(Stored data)
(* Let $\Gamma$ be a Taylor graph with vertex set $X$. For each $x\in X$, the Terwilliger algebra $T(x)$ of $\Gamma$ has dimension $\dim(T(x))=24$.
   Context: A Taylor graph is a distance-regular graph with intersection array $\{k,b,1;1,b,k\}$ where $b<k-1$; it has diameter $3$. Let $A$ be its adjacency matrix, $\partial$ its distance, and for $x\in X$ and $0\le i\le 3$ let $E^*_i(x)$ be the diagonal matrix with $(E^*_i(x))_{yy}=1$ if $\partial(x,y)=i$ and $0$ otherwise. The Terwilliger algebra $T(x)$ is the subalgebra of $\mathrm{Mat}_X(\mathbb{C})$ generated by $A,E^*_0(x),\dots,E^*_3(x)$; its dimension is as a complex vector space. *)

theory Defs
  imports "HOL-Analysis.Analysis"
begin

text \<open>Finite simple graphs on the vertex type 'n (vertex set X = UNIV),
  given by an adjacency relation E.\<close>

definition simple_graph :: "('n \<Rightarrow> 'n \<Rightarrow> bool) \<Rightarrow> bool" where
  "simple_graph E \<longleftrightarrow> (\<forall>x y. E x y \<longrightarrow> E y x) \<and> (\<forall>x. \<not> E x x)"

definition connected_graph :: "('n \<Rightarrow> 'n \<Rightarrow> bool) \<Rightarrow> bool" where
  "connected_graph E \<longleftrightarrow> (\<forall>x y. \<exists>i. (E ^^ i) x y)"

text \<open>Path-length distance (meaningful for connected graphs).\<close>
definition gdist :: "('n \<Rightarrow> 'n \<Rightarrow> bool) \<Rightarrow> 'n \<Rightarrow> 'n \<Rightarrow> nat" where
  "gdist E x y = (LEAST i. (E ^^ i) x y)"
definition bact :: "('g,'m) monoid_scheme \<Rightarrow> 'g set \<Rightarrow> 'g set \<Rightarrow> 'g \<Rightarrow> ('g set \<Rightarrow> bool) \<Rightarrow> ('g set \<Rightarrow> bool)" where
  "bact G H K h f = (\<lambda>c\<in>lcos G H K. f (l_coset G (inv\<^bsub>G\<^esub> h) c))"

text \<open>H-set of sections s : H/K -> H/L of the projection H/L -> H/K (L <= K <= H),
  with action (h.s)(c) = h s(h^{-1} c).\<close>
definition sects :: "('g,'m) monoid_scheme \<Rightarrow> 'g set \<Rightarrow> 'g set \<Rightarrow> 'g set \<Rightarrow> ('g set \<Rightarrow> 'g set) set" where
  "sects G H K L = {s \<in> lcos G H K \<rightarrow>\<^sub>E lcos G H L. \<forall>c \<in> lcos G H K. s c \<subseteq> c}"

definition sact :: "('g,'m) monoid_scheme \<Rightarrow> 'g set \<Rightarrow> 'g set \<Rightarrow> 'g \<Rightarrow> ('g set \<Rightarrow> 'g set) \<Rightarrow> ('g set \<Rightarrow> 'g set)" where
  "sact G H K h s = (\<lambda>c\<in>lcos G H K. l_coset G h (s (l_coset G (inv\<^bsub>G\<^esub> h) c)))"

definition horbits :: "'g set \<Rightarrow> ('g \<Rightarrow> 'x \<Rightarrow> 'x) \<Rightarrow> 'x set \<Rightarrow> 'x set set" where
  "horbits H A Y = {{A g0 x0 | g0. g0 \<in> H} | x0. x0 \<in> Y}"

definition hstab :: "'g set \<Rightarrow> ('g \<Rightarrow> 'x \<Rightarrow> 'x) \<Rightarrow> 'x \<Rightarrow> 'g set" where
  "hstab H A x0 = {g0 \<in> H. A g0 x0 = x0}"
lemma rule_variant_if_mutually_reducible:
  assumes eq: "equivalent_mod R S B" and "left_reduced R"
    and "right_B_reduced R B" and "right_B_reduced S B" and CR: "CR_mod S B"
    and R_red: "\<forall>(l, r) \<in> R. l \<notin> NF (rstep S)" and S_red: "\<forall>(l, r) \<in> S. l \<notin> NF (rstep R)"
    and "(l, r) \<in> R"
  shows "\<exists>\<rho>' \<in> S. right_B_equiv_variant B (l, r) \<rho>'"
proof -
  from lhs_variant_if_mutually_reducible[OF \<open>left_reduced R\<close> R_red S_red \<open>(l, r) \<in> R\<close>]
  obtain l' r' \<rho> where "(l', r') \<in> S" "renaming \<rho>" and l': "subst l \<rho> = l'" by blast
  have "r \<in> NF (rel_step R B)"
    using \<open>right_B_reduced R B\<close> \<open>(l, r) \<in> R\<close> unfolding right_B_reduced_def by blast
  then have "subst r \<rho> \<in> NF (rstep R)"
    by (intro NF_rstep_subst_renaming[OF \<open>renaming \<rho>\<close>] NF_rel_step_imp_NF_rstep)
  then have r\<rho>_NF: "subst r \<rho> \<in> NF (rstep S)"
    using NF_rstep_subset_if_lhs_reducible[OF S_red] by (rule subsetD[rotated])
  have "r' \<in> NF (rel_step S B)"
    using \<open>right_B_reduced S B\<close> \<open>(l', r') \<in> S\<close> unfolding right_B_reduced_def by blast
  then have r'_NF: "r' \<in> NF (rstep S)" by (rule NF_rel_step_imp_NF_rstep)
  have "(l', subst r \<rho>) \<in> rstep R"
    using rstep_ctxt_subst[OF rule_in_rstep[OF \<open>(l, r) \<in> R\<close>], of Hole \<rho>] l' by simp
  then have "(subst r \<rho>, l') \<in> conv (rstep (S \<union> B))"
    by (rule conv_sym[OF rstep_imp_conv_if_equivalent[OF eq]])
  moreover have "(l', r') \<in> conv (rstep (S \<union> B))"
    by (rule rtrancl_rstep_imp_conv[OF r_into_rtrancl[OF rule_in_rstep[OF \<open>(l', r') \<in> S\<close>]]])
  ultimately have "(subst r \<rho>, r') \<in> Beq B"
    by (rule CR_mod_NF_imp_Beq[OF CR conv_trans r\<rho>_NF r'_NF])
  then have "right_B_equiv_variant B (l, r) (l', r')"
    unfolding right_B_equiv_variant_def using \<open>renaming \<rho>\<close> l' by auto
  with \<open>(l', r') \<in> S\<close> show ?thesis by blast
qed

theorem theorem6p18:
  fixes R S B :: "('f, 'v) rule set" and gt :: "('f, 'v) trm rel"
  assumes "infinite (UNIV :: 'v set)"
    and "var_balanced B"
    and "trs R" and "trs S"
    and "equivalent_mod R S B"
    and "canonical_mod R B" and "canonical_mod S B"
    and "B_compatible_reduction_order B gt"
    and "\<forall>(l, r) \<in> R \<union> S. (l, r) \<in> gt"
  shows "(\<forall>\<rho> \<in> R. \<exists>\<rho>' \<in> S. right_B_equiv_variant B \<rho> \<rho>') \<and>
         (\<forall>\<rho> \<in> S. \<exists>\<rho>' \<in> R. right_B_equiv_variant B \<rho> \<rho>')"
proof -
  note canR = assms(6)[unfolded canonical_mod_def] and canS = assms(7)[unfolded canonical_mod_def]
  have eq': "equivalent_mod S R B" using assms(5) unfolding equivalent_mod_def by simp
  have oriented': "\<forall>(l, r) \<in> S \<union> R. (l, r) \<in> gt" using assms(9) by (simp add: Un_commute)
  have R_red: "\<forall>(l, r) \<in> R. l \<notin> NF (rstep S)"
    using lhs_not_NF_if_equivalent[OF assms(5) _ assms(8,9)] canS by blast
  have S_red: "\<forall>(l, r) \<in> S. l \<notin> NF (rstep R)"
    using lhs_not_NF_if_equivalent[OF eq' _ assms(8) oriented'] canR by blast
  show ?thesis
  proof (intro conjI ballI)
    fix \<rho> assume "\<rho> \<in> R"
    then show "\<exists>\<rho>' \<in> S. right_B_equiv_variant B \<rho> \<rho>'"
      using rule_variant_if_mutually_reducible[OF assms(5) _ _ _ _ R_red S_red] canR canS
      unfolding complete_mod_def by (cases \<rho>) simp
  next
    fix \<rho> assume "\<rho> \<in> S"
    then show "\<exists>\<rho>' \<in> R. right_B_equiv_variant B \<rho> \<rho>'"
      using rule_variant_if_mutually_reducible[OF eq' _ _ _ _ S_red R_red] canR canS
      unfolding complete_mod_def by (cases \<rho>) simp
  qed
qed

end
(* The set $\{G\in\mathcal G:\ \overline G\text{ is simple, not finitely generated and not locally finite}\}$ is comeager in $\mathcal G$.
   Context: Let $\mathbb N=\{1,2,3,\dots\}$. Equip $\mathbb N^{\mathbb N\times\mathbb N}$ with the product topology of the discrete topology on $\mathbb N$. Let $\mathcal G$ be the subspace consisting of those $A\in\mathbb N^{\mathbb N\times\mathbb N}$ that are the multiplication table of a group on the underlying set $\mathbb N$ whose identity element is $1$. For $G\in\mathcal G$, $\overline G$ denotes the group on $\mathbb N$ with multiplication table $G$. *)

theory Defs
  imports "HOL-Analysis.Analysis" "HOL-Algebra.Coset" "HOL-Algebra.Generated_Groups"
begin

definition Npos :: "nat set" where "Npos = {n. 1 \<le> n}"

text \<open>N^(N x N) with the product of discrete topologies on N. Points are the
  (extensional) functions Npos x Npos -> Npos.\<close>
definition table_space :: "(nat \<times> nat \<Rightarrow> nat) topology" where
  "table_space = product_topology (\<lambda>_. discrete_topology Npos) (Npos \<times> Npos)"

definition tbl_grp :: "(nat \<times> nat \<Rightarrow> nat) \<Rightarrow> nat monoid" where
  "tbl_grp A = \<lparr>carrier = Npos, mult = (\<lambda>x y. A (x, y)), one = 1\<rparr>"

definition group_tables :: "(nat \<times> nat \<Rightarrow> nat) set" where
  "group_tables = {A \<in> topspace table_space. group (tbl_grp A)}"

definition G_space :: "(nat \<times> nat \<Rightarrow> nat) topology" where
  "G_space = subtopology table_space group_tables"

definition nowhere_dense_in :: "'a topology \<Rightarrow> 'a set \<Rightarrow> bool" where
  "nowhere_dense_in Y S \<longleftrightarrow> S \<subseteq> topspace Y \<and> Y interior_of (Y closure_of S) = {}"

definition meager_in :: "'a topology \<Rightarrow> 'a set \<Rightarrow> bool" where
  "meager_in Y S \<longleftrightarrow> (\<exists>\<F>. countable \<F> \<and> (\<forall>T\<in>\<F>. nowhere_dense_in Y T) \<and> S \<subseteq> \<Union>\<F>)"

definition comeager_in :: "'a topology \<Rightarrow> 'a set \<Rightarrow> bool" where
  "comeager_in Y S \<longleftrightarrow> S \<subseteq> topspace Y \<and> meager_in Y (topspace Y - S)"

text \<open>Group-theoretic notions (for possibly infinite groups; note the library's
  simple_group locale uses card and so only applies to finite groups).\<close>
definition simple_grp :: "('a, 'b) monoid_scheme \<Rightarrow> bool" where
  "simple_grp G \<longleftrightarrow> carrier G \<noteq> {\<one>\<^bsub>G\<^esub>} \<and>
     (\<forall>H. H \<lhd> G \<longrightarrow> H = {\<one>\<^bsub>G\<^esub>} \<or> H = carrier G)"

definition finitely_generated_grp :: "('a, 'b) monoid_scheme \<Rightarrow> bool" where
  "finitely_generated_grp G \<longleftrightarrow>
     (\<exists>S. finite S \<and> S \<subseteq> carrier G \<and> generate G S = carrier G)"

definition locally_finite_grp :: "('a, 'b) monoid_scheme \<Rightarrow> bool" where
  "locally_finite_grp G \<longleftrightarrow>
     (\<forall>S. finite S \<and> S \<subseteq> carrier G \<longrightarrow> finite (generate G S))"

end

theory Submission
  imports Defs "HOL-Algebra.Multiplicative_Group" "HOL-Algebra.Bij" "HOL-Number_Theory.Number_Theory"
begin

**Assigned task:** Copy each line from the data that features the string "thesis".

**Task answer:**
  with \<open>(l', r') \<in> S\<close> show ?thesis by blast
  show ?thesis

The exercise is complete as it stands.